(Problem description) Identify each line below that contains the word "definition", and copy it out.
┄┄┄┄┄┄
lemma smooth2_on_has_derivative_integral_dt:
  assumes f: "smooth2_on U f" and "d > 0" and R: "{s0-d..s0+d} \<times> {c..t} \<subseteq> U"
  shows "((\<lambda>x. integral {c..t} (\<lambda>\<tau>. dt f (x, \<tau>))) has_real_derivative
           integral {c..t} (\<lambda>\<tau>. dth (dt f) (s0, \<tau>))) (at s0)"
proof -
  let ?S = "{s0-d..s0+d}"
  have deriv: "((\<lambda>x. dt f (x, \<tau>)) has_real_derivative dth (dt f) (x, \<tau>)) (at x within ?S)"
    if "x \<in> ?S" "\<tau> \<in> cbox c t" for x \<tau>
  proof -
    have "(x, \<tau>) \<in> U" using that R by (auto simp: box_real)
    then show ?thesis
      by (rule has_field_derivative_at_within[OF smooth2_on_has_derivative_dth[OF smooth2_on_dt[OF f]]])
  qed
  have integrable: "(\<lambda>\<tau>. dt f (x, \<tau>)) integrable_on cbox c t" if "x \<in> ?S" for x
  proof (rule integrable_continuous)
    have "{x} \<times> cbox c t \<subseteq> U" using that R by (auto simp: box_real)
    then show "continuous_on (cbox c t) (\<lambda>\<tau>. dt f (x, \<tau>))"
      by (rule continuous_on_Pair_slice[OF smooth2_on_continuous_on[OF smooth2_on_dt[OF f]]])
  qed
  have cont: "continuous_on (?S \<times> cbox c t) (\<lambda>(x, \<tau>). dth (dt f) (x, \<tau>))"
    unfolding case_prod_eta box_real
    by (rule continuous_on_subset[OF smooth2_on_continuous_on[OF smooth2_on_dth[OF smooth2_on_dt[OF f]]] R])
  have "s0 \<in> ?S" "convex ?S" using \<open>d > 0\<close> by auto
  from leibniz_rule_field_derivative[OF deriv integrable cont this]
  have "((\<lambda>x. integral {c..t} (\<lambda>\<tau>. dt f (x, \<tau>))) has_real_derivative
           integral {c..t} (\<lambda>\<tau>. dth (dt f) (s0, \<tau>))) (at s0 within ?S)"
    by (simp add: box_real)
  moreover have "s0 \<in> interior ?S" using \<open>d > 0\<close> by simp
  ultimately show ?thesis by (metis at_within_interior)
qed

lemma smooth2_on_dth_eq_integral:
  assumes f: "smooth2_on U f" and "d > 0" "c \<le> t" and R: "{s0-d..s0+d} \<times> {c..t} \<subseteq> U"
  shows "dth f (s0, t) = dth f (s0, c) + integral {c..t} (\<lambda>\<tau>. dth (dt f) (s0, \<tau>))"
proof (rule dth_eqI)
  have "(s0, c) \<in> U" using R \<open>d > 0\<close> \<open>c \<le> t\<close> by auto
  then have "((\<lambda>x. f (x, c) + integral {c..t} (\<lambda>\<tau>. dt f (x, \<tau>))) has_real_derivative
             dth f (s0, c) + integral {c..t} (\<lambda>\<tau>. dth (dt f) (s0, \<tau>))) (at s0)"
    by (intro DERIV_add smooth2_on_has_derivative_dth[OF f]
          smooth2_on_has_derivative_integral_dt[OF f \<open>d > 0\<close> R])
  then show "((\<lambda>x. f (x, t)) has_real_derivative
             dth f (s0, c) + integral {c..t} (\<lambda>\<tau>. dth (dt f) (s0, \<tau>))) (at s0)"
    by (rule has_field_derivative_transform_within_open[of _ _ _ "{s0-d<..<s0+d}"])
       (use assms in \<open>auto intro!: smooth2_on_integral_dt[symmetric]\<close>)
qed

theorem smooth2_on_dt_dth_commute:
  assumes f: "smooth2_on U f" and "z \<in> U"
  shows "dt (dth f) z = dth (dt f) z"
proof -
  obtain s0 t0 where z: "z = (s0, t0)" by fastforce
  obtain d where d: "d > 0" "{s0-d..s0+d} \<times> {t0-d..t0+d} \<subseteq> U"
    using open_contains_square[OF smooth2_on_open[OF f], of s0 t0] assms z by blast
  define c where "c = t0 - d"
  have "continuous_on {c..t0+d} (\<lambda>\<tau>. dth (dt f) (s0, \<tau>))"
    using d smooth2_on_continuous_on[OF smooth2_on_dth[OF smooth2_on_dt[OF f]]]
    by (intro continuous_on_Pair_slice[of U]) (auto simp: c_def)
  then have "((\<lambda>t. integral {c..t} (\<lambda>\<tau>. dth (dt f) (s0, \<tau>))) has_real_derivative
              dth (dt f) (s0, t0)) (at t0)"
    using integral_has_real_derivative[of c "t0+d" _ t0] d
    by (simp add: c_def at_within_Icc_at)
  then have "((\<lambda>t. dth f (s0, c) + integral {c..t} (\<lambda>\<tau>. dth (dt f) (s0, \<tau>))) has_real_derivative
              dth (dt f) (s0, t0)) (at t0)"
    using DERIV_add[OF DERIV_const[of "dth f (s0, c)"]] by simp
  then have "((\<lambda>t. dth f (s0, t)) has_real_derivative dth (dt f) (s0, t0)) (at t0)"
  proof (rule has_field_derivative_transform_within_open[of _ _ _ "{c<..<t0+d}"])
    fix t assume "t \<in> {c<..<t0+d}"
    with d show "dth f (s0, c) + integral {c..t} (\<lambda>\<tau>. dth (dt f) (s0, \<tau>)) = dth f (s0, t)"
      by (intro smooth2_on_dth_eq_integral[OF f, of d, symmetric]) (auto simp: c_def)
  qed (use d in \<open>auto simp: c_def\<close>)
  then show ?thesis using z by (simp add: dt_eqI)
qed

lemma jacobi_dth:
  assumes f: "smooth2_on U f" and k: "smooth2_on U k"
    and jacobi: "\<And>z. z \<in> U \<Longrightarrow> dt (dt f) z + k z * f z = 0" and "z \<in> U"
  shows "dt (dt (dth f)) z + k z * dth f z = - dth k z * f z"
proof -
  obtain s t where z: "z = (s, t)" by fastforce
  have U: "open U" "(s, t) \<in> U" using smooth2_on_open[OF f] assms z by auto
  have "dt (dt (dth f)) (s, t) = dt (dth (dt f)) (s, t)"
    by (rule dt_cong_open[OF U]) (rule smooth2_on_dt_dth_commute[OF f])
  also have "\<dots> = dth (dt (dt f)) (s, t)"
    by (rule smooth2_on_dt_dth_commute[OF smooth2_on_dt[OF f] U(2)])
  also have "\<dots> = dth (\<lambda>z. - k z * f z) (s, t)"
    by (rule dth_cong_open[OF U]) (use jacobi in \<open>simp add: eq_neg_iff_add_eq_0\<close>)
  also have "\<dots> = - (dth k (s, t) * f (s, t) + k (s, t) * dth f (s, t))"
    by (rule dth_eqI)
       (auto intro!: derivative_eq_intros smooth2_on_has_derivative_dth[OF k U(2)]
                     smooth2_on_has_derivative_dth[OF f U(2)])
  finally show ?thesis using z by simp
qed

definition wronskian :: "(real \<times> real \<Rightarrow> real) \<Rightarrow> (real \<times> real \<Rightarrow> real) \<Rightarrow> real \<times> real \<Rightarrow> real"
  where "wronskian a b z = a z * dt b z - dt a z * b z"

locale jacobi_pair =
  fixes U :: "(real \<times> real) set" and k a b :: "real \<times> real \<Rightarrow> real"
  assumes k_smooth: "smooth2_on U k"
    and a_smooth: "smooth2_on U a"
    and b_smooth: "smooth2_on U b"
    and a_jacobi: "\<And>z. z \<in> U \<Longrightarrow> dt (dt a) z + k z * a z = 0"
    and b_jacobi: "\<And>z. z \<in> U \<Longrightarrow> dt (dt b) z + k z * b z = 0"
begin

definition phi :: "real \<times> real \<Rightarrow> real"
  where "phi z = b z * dth a z - a z * dth b z"

definition psi :: "real \<times> real \<Rightarrow> real"
  where "psi z = dt b z * dt (dth a) z - dt a z * dt (dth b) z"

lemma open_U: "open U"
  using smooth2_on_open[OF k_smooth] .

lemmas smooth_components =
  a_smooth b_smooth k_smooth smooth2_on_dt[OF a_smooth] smooth2_on_dt[OF b_smooth]
  smooth2_on_dth[OF a_smooth] smooth2_on_dth[OF b_smooth]
  smooth2_on_dt[OF smooth2_on_dth[OF a_smooth]] smooth2_on_dt[OF smooth2_on_dth[OF b_smooth]]

lemmas has_derivative_slices = smooth_components[THEN smooth2_on_has_derivative_dt]

lemma jacobi_eqs:
  assumes "z \<in> U"
  shows "dt (dt a) z = - k z * a z" "dt (dt b) z = - k z * b z"
    "dt (dt (dth a)) z = - k z * dth a z - dth k z * a z"
    "dt (dt (dth b)) z = - k z * dth b z - dth k z * b z"
  using a_jacobi[OF assms] b_jacobi[OF assms]
    jacobi_dth[OF a_smooth k_smooth a_jacobi assms] jacobi_dth[OF b_smooth k_smooth b_jacobi assms]
  by (simp_all add: eq_neg_iff_add_eq_0 algebra_simps)

lemma wronskian_eq:
  assumes "is_interval {t. (s, t) \<in> U}" "(s, t) \<in> U" "(s, t0) \<in> U"
  shows "wronskian a b (s, t) = wronskian a b (s, t0)"
proof -
  let ?I = "{t. (s, t) \<in> U}"
  have "\<exists>c. \<forall>t\<in>?I. wronskian a b (s, t) = c"
  proof (rule has_field_derivative_zero_constant)
    show "convex ?I" using assms(1) by (rule is_interval_convex_1[THEN iffD1])
    fix t assume "t \<in> ?I"
    then have st: "(s, t) \<in> U" by simp
    have "((\<lambda>u. wronskian a b (s, u)) has_real_derivative 0) (at t)"
      unfolding wronskian_def
      by (rule derivative_eq_intros has_derivative_slices[OF st] refl)+
         (simp add: jacobi_eqs[OF st] algebra_simps)
    then show "((\<lambda>u. wronskian a b (s, u)) has_real_derivative 0) (at t within ?I)"
      by (rule has_field_derivative_at_within)
  qed
  then show ?thesis using assms by auto
qed

lemma phi_has_derivative:
  assumes "(s, t) \<in> U"
  shows "((\<lambda>u. phi (s, u)) has_real_derivative
          b (s, t) * dt (dth a) (s, t) - a (s, t) * dt (dth b) (s, t)
          + dt b (s, t) * dth a (s, t) - dt a (s, t) * dth b (s, t)) (at t)"
  unfolding phi_def using assms by (auto intro!: derivative_eq_intros has_derivative_slices)

lemma dt_phi:
  assumes "z \<in> U"
  shows "dt phi z = b z * dt (dth a) z - a z * dt (dth b) z + dt b z * dth a z - dt a z * dth b z"
proof -
  obtain s t where z: "z = (s, t)" by fastforce
  show ?thesis using assms phi_has_derivative[of s t] z by (simp add: dt_eqI)
qed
┄┄┄┄┄┄
(Solution to the problem)
definition wronskian :: "(real \<times> real \<Rightarrow> real) \<Rightarrow> (real \<times> real \<Rightarrow> real) \<Rightarrow> real \<times> real \<Rightarrow> real"
definition phi :: "real \<times> real \<Rightarrow> real"
definition psi :: "real \<times> real \<Rightarrow> real"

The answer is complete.